RECORD EXTRACTS:
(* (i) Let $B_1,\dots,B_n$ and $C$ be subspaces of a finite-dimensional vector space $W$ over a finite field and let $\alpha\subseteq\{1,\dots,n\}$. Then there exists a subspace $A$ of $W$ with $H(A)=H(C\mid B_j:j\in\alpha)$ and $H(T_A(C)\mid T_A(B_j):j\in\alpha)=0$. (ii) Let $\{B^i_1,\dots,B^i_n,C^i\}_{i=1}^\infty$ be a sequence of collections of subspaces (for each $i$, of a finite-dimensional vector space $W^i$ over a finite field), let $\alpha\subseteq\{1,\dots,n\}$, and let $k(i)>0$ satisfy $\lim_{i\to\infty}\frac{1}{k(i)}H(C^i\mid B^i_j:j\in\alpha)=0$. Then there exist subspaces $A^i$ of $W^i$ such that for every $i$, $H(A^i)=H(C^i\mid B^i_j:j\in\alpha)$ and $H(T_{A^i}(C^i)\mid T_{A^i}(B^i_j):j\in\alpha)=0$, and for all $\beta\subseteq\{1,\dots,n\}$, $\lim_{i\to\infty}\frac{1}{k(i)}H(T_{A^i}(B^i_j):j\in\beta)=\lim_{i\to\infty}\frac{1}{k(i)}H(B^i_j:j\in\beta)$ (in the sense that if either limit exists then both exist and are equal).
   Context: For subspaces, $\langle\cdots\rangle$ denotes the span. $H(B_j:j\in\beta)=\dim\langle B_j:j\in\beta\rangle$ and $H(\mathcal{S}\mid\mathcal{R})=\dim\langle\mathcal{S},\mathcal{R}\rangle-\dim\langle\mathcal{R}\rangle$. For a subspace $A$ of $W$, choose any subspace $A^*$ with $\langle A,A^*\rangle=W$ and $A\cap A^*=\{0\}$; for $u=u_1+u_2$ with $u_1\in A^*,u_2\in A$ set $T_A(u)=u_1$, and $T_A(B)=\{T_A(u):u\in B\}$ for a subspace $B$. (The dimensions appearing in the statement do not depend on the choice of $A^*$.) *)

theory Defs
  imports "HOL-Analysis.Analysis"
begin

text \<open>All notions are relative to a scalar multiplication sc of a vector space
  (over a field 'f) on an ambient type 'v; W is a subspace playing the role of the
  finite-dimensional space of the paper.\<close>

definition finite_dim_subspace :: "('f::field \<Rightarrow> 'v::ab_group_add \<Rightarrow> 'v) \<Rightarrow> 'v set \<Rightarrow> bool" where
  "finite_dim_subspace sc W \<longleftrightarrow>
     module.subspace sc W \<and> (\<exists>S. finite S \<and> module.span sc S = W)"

EXERCISE OBJECTIVE: Lines before the one containing "Context: For subspaces, $\langle\cdots\rangle$" are left out. Repeat that line and all lines after it in the records above exactly.

FINAL ANSWER:
   Context: For subspaces, $\langle\cdots\rangle$ denotes the span. $H(B_j:j\in\beta)=\dim\langle B_j:j\in\beta\rangle$ and $H(\mathcal{S}\mid\mathcal{R})=\dim\langle\mathcal{S},\mathcal{R}\rangle-\dim\langle\mathcal{R}\rangle$. For a subspace $A$ of $W$, choose any subspace $A^*$ with $\langle A,A^*\rangle=W$ and $A\cap A^*=\{0\}$; for $u=u_1+u_2$ with $u_1\in A^*,u_2\in A$ set $T_A(u)=u_1$, and $T_A(B)=\{T_A(u):u\in B\}$ for a subspace $B$. (The dimensions appearing in the statement do not depend on the choice of $A^*$.) *)

theory Defs
  imports "HOL-Analysis.Analysis"
begin

text \<open>All notions are relative to a scalar multiplication sc of a vector space
  (over a field 'f) on an ambient type 'v; W is a subspace playing the role of the
  finite-dimensional space of the paper.\<close>

definition finite_dim_subspace :: "('f::field \<Rightarrow> 'v::ab_group_add \<Rightarrow> 'v) \<Rightarrow> 'v set \<Rightarrow> bool" where
  "finite_dim_subspace sc W \<longleftrightarrow>
     module.subspace sc W \<and> (\<exists>S. finite S \<and> module.span sc S = W)"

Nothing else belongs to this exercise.